Supplied records section start
(* Let $\kappa$ be an infinite cardinal and let $(\mathcal U_\xi)_{\xi\in\kappa}$ be a family of non-principal ultrafilters on $\kappa$. Then there exists $X\subseteq\kappa$ with $|X|=\kappa$ such that $X\notin\mathcal U_\xi$ for every $\xi\in X$. *)

theory Defs
  imports Main "HOL-Library.Equipollence"
begin

definition ultrafilter_on :: "'a set \<Rightarrow> 'a set set \<Rightarrow> bool" where
  "ultrafilter_on S U \<longleftrightarrow>
     (\<forall>A\<in>U. A \<subseteq> S) \<and> S \<in> U \<and> {} \<notin> U \<and>
     (\<forall>A B. A \<in> U \<longrightarrow> B \<in> U \<longrightarrow> A \<inter> B \<in> U) \<and>
     (\<forall>A B. A \<in> U \<longrightarrow> A \<subseteq> B \<longrightarrow> B \<subseteq> S \<longrightarrow> B \<in> U) \<and>
     (\<forall>A. A \<subseteq> S \<longrightarrow> A \<in> U \<or> S - A \<in> U)"

definition principal_on :: "'a set \<Rightarrow> 'a set set \<Rightarrow> bool" where
  "principal_on S U \<longleftrightarrow> (\<exists>x\<in>S. U = {A. A \<subseteq> S \<and> x \<in> A})"

definition nonprincipal_ultrafilter_on :: "'a set \<Rightarrow> 'a set set \<Rightarrow> bool" where
  "nonprincipal_ultrafilter_on S U \<longleftrightarrow> ultrafilter_on S U \<and> \<not> principal_on S U"

end

theory Submission
  imports Defs "HOL-Library.Disjoint_Sets"
begin

text \<open>Since \<open>\<kappa> \<times> \<kappa> \<approx> \<kappa>\<close>, \<open>\<kappa>\<close> splits into \<open>\<kappa>\<close> disjoint pieces \<open>R\<^sub>a\<close> of size \<open>\<kappa>\<close>.
  If some piece \<open>R\<^sub>a\<close> lies in no \<open>\<U>\<^sub>\<xi>\<close> with \<open>\<xi> \<in> R\<^sub>a\<close>, it is the required set.
  Otherwise choose for every \<open>a\<close> a point \<open>x\<^sub>a \<in> R\<^sub>a\<close> with \<open>R\<^sub>a \<in> \<U>\<^bsub>x\<^sub>a\<^esub>\<close> and
  let \<open>X = {x\<^sub>a | a \<in> \<kappa>}\<close>: if \<open>X \<in> \<U>\<^bsub>x\<^sub>a\<^esub>\<close>, then so is \<open>X \<inter> R\<^sub>a = {x\<^sub>a}\<close>, which
  is impossible for a nonprincipal ultrafilter.\<close>

lemma ultrafilter_on_subset: "ultrafilter_on S U \<Longrightarrow> A \<in> U \<Longrightarrow> A \<subseteq> S"
  unfolding ultrafilter_on_def by (elim conjE) (erule bspec)

lemma ultrafilter_on_empty: "ultrafilter_on S U \<Longrightarrow> {} \<notin> U"
  unfolding ultrafilter_on_def by (elim conjE)

lemma ultrafilter_on_Int: "ultrafilter_on S U \<Longrightarrow> A \<in> U \<Longrightarrow> B \<in> U \<Longrightarrow> A \<inter> B \<in> U"
  unfolding ultrafilter_on_def by (elim conjE) blast

lemma ultrafilter_on_mono: "ultrafilter_on S U \<Longrightarrow> A \<in> U \<Longrightarrow> A \<subseteq> B \<Longrightarrow> B \<subseteq> S \<Longrightarrow> B \<in> U"
  unfolding ultrafilter_on_def by (elim conjE) blast

lemma nonprincipal_ultrafilter_on_singleton_notin:
  assumes "nonprincipal_ultrafilter_on S U"
  shows "{x} \<notin> U"
proof
  assume x: "{x} \<in> U"
  have uf: "ultrafilter_on S U" and np: "\<not> principal_on S U"
    using assms unfolding nonprincipal_ultrafilter_on_def by auto
  have "x \<in> S"
    using ultrafilter_on_subset[OF uf x] by simp
  moreover have "U = {A. A \<subseteq> S \<and> x \<in> A}"
  proof (intro set_eqI iffI)
    fix A assume "A \<in> U"
    then have "A \<inter> {x} \<noteq> {}"
      using ultrafilter_on_Int[OF uf _ x] ultrafilter_on_empty[OF uf] by metis
    then show "A \<in> {A. A \<subseteq> S \<and> x \<in> A}"
      using ultrafilter_on_subset[OF uf \<open>A \<in> U\<close>] by blast
  next
    fix A assume "A \<in> {A. A \<subseteq> S \<and> x \<in> A}"
    then show "A \<in> U"
      using ultrafilter_on_mono[OF uf x] by simp
  qed
  ultimately show False
    using np unfolding principal_on_def by blast
qed

lemma nonprincipal_ultrafilter_on_Int_singleton:
  assumes "nonprincipal_ultrafilter_on S U" and "A \<in> U" and "A \<inter> B = {x}"
  shows "B \<notin> U"
proof
  assume "B \<in> U"
  have "ultrafilter_on S U"
    using assms(1) unfolding nonprincipal_ultrafilter_on_def by (elim conjE)
  then have "A \<inter> B \<in> U"
    using assms(2) \<open>B \<in> U\<close> by (rule ultrafilter_on_Int)
  with assms(3) nonprincipal_ultrafilter_on_singleton_notin[OF assms(1)] show False
    by simp
qed

lemma infinite_disjoint_family_eqpoll:
  assumes "infinite A"
  obtains R where "disjoint_family_on R A"
    and "\<And>a. a \<in> A \<Longrightarrow> R a \<subseteq> A" and "\<And>a. a \<in> A \<Longrightarrow> R a \<approx> A"
proof -
  have "A \<times> A \<approx> A"
    using card_of_Times_same_infinite[OF assms] eqpoll_iff_card_of_ordIso by blast
  then obtain g where g: "bij_betw g (A \<times> A) A"
    unfolding eqpoll_def by blast
  have inj: "inj_on g ({a} \<times> A)" if "a \<in> A" for a
    by (rule inj_on_subset[OF bij_betw_imp_inj_on[OF g]]) (use that in blast)
  have "disjoint_family_on (\<lambda>a. g ` ({a} \<times> A)) A"
    unfolding disjoint_family_on_def
  proof (intro ballI impI)
    fix a b assume "a \<in> A" "b \<in> A" "a \<noteq> b"
    then have "g ` ({a} \<times> A) \<inter> g ` ({b} \<times> A) = g ` (({a} \<times> A) \<inter> ({b} \<times> A))"
      by (intro inj_on_image_Int[OF bij_betw_imp_inj_on[OF g], symmetric]) auto
    with \<open>a \<noteq> b\<close> show "g ` ({a} \<times> A) \<inter> g ` ({b} \<times> A) = {}"
      by auto
  qed
  moreover have "g ` ({a} \<times> A) \<subseteq> A" if "a \<in> A" for a
    using that bij_betw_imp_surj_on[OF g] by blast
  moreover have "g ` ({a} \<times> A) \<approx> A" if "a \<in> A" for a
    using eqpoll_trans[OF inj_on_image_eqpoll_self[OF inj[OF that]] times_singleton_eqpoll] .
  ultimately show thesis
    using that by blast
qed

lemma disjoint_family_on_transversal_inj_on:
  assumes "disjoint_family_on R A" and "\<And>a. a \<in> A \<Longrightarrow> x a \<in> R a"
  shows "inj_on x A"
proof (rule inj_onI)
  fix a b assume "a \<in> A" "b \<in> A" "x a = x b"
  then have "R a \<inter> R b \<noteq> {}"
    using assms(2) by (metis IntI empty_iff)
  with \<open>a \<in> A\<close> \<open>b \<in> A\<close> show "a = b"
    using disjoint_family_onD[OF assms(1)] by blast
qed

lemma transversal_notin_nonprincipal_ultrafilters:
  assumes "disjoint_family_on R A"
    and "\<And>a. a \<in> A \<Longrightarrow> x a \<in> R a \<and> R a \<in> U (x a)"
    and "\<And>a. a \<in> A \<Longrightarrow> nonprincipal_ultrafilter_on S (U (x a))"
  shows "\<forall>\<xi>\<in>x ` A. x ` A \<notin> U \<xi>"
proof
  fix \<xi> assume "\<xi> \<in> x ` A"
  then obtain a where a: "a \<in> A" and \<xi>: "\<xi> = x a"
    by blast
  have "R a \<inter> x ` A = {x a}"
  proof (intro equalityI subsetI)
    fix y assume "y \<in> R a \<inter> x ` A"
    then obtain b where b: "b \<in> A" and "y = x b" and "y \<in> R a"
      by blast
    moreover have "y \<in> R b"
      using assms(2) b \<open>y = x b\<close> by blast
    ultimately have "a = b"
      using disjoint_family_onD[OF assms(1) a b] by blast
    with \<open>y = x b\<close> show "y \<in> {x a}"
      by simp
  qed (use assms(2) a in blast)
  moreover have "R a \<in> U (x a)"
    using assms(2) a by blast
  ultimately show "x ` A \<notin> U \<xi>"
    unfolding \<xi> using nonprincipal_ultrafilter_on_Int_singleton[OF assms(3)[OF a]] by blast
qed

theorem theorem3:
  fixes U :: "'k \<Rightarrow> 'k set set"
  assumes "infinite (UNIV :: 'k set)"
    and "\<And>\<xi>. nonprincipal_ultrafilter_on UNIV (U \<xi>)"
  shows "\<exists>X :: 'k set. X \<approx> (UNIV :: 'k set) \<and> (\<forall>\<xi>\<in>X. X \<notin> U \<xi>)"
proof -
  obtain R :: "'k \<Rightarrow> 'k set" where R: "disjoint_family R" and R_size: "\<And>a. R a \<approx> (UNIV :: 'k set)"
  proof (rule infinite_disjoint_family_eqpoll[OF assms(1)])
    fix R :: "'k \<Rightarrow> 'k set"
    assume "disjoint_family R" and "\<And>a. a \<in> UNIV \<Longrightarrow> R a \<approx> (UNIV :: 'k set)"
    then show thesis
      by (intro that) simp_all
  qed
  show ?thesis
  proof (cases "\<exists>a. \<forall>\<xi>\<in>R a. R a \<notin> U \<xi>")
    case True
    then show ?thesis
      using R_size by blast
  next
    case False
    then obtain x where x: "\<And>a. x a \<in> R a \<and> R a \<in> U (x a)"
      by metis
    have "inj x"
      using disjoint_family_on_transversal_inj_on[OF R] x by blast
    then have "range x \<approx> (UNIV :: 'k set)"
      by (rule inj_on_image_eqpoll_self)
    moreover have "\<forall>\<xi>\<in>range x. range x \<notin> U \<xi>"
      using transversal_notin_nonprincipal_ultrafilters[OF R x assms(2)] by simp
    ultimately show ?thesis
      by blast
  qed
qed

end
Supplied records section end
Task directions:
Please show every line of the material that contains the string "where".

Answer box:
definition ultrafilter_on :: "'a set \<Rightarrow> 'a set set \<Rightarrow> bool" where
definition principal_on :: "'a set \<Rightarrow> 'a set set \<Rightarrow> bool" where
definition nonprincipal_ultrafilter_on :: "'a set \<Rightarrow> 'a set set \<Rightarrow> bool" where
  obtains R where "disjoint_family_on R A"
  then obtain g where g: "bij_betw g (A \<times> A) A"
  then obtain a where a: "a \<in> A" and \<xi>: "\<xi> = x a"
    then obtain b where b: "b \<in> A" and "y = x b" and "y \<in> R a"
  obtain R :: "'k \<Rightarrow> 'k set" where R: "disjoint_family R" and R_size: "\<And>a. R a \<approx> (UNIV :: 'k set)"
    then obtain x where x: "\<And>a. x a \<in> R a \<and> R a \<in> U (x a)"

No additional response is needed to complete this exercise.